What lines in the following entries hold the word "link"? Copy each one.

(Saved data entries)
_ _ _ _ _

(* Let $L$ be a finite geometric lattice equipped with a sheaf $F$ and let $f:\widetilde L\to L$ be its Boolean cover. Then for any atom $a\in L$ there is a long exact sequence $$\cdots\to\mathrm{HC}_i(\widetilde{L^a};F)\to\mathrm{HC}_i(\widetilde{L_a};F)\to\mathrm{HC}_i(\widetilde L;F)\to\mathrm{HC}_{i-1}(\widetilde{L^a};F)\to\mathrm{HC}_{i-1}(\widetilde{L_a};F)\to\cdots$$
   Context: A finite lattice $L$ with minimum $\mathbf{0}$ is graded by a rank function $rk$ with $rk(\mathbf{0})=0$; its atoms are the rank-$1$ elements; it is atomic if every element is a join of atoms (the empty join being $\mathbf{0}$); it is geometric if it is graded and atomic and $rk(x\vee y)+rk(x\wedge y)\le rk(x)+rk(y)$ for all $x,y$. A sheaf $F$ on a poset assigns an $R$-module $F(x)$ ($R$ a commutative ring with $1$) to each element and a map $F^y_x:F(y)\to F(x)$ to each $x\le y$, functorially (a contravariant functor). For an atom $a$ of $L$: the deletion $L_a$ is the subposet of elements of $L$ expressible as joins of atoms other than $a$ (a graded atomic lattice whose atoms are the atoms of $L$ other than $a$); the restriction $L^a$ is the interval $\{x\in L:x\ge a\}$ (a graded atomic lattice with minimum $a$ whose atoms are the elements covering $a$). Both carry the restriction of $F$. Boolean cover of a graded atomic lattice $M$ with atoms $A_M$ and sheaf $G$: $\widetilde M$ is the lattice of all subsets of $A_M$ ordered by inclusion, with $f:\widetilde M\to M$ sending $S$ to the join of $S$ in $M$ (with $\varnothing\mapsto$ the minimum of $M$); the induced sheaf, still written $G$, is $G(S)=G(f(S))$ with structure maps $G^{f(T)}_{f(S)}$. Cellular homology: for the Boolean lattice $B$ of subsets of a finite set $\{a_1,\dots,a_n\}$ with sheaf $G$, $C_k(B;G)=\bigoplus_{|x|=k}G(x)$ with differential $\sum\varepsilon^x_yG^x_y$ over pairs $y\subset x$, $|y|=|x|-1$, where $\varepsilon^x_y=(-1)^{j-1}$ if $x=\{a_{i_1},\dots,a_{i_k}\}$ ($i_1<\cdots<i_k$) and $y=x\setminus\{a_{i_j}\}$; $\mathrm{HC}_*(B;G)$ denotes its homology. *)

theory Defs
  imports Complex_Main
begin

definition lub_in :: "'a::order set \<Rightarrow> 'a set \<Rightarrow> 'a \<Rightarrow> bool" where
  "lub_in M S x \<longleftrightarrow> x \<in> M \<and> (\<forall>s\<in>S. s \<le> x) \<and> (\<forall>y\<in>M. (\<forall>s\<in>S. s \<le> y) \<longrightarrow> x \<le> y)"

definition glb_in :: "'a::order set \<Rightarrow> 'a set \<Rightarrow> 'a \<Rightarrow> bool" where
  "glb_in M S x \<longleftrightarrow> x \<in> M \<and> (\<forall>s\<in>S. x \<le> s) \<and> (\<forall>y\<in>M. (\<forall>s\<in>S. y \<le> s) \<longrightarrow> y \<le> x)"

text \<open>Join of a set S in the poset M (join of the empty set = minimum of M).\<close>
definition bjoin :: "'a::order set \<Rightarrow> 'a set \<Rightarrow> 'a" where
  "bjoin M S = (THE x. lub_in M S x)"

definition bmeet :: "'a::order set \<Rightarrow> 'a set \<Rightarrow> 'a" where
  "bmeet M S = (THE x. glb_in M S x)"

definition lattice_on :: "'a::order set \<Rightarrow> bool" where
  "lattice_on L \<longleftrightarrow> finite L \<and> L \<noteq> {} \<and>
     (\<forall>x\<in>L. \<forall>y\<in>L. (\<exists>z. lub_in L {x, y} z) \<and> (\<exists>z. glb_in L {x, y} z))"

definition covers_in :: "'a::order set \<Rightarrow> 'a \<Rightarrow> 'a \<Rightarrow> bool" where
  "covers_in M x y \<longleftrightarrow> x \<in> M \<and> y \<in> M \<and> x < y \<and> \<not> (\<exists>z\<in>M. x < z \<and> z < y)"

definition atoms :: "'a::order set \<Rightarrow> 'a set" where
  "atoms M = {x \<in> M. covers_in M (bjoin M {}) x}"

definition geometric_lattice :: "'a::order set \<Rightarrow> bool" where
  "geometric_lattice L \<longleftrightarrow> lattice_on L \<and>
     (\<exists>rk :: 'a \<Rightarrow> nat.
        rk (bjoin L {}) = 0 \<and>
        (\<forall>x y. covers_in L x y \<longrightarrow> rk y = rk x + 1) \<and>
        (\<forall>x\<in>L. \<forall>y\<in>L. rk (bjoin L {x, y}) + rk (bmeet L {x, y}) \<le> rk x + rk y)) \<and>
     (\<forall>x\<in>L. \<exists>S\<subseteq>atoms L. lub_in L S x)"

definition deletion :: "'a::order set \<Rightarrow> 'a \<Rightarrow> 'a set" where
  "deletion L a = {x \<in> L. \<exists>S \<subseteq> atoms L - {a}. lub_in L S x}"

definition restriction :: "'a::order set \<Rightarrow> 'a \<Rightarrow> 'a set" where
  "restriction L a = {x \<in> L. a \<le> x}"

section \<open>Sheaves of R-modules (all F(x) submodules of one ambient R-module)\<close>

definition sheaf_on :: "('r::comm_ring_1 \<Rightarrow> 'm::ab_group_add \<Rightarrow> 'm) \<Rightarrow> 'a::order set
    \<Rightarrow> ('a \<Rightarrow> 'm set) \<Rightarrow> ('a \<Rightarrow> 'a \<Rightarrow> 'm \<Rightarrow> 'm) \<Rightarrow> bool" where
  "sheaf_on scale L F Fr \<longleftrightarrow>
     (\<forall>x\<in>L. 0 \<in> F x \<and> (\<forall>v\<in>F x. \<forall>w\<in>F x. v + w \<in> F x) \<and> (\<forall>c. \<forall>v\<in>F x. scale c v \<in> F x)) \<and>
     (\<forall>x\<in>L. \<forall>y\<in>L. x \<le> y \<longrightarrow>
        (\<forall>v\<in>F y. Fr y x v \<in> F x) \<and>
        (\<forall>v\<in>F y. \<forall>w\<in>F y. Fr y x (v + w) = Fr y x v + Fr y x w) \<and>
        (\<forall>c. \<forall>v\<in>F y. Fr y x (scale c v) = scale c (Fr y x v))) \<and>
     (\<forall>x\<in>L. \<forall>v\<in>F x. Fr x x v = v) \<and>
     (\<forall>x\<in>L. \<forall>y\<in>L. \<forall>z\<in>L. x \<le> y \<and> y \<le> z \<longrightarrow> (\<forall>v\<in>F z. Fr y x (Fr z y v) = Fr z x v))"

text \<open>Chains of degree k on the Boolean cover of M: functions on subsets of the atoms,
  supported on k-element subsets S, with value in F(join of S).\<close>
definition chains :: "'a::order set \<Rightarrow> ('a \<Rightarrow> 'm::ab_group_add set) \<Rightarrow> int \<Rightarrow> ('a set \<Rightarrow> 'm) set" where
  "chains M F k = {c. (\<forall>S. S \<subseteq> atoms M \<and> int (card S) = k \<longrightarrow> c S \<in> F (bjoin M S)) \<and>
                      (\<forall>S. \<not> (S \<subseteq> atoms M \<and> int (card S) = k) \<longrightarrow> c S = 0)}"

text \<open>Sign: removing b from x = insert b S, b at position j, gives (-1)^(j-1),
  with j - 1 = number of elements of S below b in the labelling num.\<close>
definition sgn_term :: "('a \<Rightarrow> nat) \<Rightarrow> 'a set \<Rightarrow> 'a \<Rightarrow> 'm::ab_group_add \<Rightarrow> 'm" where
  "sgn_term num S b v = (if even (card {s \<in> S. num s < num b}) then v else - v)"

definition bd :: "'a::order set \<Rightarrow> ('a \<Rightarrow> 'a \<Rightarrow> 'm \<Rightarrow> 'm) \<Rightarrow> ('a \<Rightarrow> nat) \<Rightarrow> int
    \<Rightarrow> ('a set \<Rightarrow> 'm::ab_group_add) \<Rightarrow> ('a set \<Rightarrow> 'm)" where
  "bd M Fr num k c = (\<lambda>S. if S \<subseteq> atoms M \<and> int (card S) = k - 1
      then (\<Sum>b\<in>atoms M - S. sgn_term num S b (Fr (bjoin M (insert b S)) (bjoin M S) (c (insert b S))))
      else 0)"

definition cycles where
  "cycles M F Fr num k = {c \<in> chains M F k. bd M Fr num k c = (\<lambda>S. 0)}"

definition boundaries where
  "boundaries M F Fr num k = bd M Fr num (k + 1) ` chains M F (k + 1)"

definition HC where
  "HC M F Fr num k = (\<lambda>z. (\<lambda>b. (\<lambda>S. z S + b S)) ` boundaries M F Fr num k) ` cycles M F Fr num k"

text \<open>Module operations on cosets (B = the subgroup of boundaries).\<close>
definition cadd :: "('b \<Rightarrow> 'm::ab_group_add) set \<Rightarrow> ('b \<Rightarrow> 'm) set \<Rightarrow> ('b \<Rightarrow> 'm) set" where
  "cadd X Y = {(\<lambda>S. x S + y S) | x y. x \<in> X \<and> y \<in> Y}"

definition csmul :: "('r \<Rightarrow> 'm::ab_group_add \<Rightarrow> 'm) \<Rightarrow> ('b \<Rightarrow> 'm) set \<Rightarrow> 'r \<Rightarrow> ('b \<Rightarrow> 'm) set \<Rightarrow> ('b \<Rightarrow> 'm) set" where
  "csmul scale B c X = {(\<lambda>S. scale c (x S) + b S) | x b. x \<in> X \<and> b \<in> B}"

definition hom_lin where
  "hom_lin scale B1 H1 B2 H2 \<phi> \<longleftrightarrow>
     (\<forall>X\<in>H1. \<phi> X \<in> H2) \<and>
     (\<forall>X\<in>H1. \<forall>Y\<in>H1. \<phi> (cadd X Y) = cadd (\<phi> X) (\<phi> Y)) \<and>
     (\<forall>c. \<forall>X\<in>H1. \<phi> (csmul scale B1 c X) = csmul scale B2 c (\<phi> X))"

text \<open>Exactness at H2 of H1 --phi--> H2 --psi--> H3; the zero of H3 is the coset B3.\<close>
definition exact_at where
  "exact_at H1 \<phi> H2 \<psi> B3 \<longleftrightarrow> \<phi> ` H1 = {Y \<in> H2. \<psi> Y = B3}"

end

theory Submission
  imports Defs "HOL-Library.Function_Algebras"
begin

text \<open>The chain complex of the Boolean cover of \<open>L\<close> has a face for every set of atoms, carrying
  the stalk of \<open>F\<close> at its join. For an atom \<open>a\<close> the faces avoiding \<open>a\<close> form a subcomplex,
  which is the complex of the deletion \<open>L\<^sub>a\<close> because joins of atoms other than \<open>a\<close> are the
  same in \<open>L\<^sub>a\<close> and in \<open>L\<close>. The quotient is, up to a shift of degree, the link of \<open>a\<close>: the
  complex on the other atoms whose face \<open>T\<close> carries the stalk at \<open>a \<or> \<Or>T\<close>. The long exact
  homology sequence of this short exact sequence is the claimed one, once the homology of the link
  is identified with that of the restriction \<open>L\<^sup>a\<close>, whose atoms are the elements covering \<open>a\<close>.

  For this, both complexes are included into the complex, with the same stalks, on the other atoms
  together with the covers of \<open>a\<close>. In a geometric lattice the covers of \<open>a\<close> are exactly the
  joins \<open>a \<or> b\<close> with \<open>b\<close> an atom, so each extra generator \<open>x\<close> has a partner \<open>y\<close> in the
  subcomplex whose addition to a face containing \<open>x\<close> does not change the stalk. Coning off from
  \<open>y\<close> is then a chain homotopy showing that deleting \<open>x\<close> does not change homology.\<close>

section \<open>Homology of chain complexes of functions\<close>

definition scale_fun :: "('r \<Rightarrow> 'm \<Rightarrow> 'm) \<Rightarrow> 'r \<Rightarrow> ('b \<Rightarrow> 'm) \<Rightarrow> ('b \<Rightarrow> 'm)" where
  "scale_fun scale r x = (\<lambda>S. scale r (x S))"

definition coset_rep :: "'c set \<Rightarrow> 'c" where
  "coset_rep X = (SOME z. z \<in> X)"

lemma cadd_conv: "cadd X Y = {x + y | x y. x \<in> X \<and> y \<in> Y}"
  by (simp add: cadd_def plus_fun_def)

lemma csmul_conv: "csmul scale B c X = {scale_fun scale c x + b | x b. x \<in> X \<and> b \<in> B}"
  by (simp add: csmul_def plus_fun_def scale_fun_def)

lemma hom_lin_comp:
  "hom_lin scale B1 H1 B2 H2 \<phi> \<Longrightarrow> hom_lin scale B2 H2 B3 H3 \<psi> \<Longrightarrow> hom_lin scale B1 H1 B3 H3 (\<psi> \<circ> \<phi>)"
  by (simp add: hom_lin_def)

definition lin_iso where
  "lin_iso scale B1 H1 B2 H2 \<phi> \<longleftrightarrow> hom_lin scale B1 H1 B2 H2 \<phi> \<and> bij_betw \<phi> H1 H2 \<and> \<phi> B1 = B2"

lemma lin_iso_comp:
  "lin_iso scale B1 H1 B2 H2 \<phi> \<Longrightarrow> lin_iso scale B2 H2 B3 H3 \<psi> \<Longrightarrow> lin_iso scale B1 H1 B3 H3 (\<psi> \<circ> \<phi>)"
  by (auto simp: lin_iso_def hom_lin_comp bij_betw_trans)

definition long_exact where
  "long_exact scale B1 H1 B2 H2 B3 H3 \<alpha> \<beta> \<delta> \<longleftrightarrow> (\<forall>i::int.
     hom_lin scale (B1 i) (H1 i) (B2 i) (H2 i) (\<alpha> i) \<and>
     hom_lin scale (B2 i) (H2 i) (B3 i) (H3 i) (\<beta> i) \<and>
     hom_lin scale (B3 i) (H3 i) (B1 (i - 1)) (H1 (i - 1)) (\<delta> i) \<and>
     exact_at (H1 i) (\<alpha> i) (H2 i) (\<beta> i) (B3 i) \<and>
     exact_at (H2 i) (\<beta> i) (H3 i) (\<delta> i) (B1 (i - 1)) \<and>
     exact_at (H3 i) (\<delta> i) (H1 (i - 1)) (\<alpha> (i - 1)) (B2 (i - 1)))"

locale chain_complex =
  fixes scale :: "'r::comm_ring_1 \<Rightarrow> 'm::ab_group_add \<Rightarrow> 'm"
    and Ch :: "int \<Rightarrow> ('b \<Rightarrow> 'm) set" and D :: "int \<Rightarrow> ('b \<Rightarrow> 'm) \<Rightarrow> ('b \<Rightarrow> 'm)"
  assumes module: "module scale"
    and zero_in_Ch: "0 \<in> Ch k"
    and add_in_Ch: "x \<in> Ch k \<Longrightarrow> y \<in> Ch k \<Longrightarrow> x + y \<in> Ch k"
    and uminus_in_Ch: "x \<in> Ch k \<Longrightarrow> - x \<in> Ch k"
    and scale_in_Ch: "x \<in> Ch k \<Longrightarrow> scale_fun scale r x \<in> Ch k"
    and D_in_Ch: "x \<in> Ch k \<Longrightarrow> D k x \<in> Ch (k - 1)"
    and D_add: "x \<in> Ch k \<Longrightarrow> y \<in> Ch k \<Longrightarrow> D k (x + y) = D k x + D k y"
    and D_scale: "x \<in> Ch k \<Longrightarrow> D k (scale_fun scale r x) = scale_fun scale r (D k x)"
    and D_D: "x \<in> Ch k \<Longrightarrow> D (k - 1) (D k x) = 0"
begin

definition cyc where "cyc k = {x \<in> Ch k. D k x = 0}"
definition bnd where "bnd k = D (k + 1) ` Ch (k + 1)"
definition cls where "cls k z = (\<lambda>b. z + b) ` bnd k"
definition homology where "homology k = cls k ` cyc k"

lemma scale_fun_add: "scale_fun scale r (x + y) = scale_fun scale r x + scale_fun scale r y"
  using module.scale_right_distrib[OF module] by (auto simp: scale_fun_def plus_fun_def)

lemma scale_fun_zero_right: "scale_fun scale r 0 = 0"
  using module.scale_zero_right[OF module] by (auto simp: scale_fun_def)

_ _ _ _ _

* RESPONSE TO THIS EXERCISE:
  same in \<open>L\<^sub>a\<close> and in \<open>L\<close>. The quotient is, up to a shift of degree, the link of \<open>a\<close>: the
  homology sequence of this short exact sequence is the claimed one, once the homology of the link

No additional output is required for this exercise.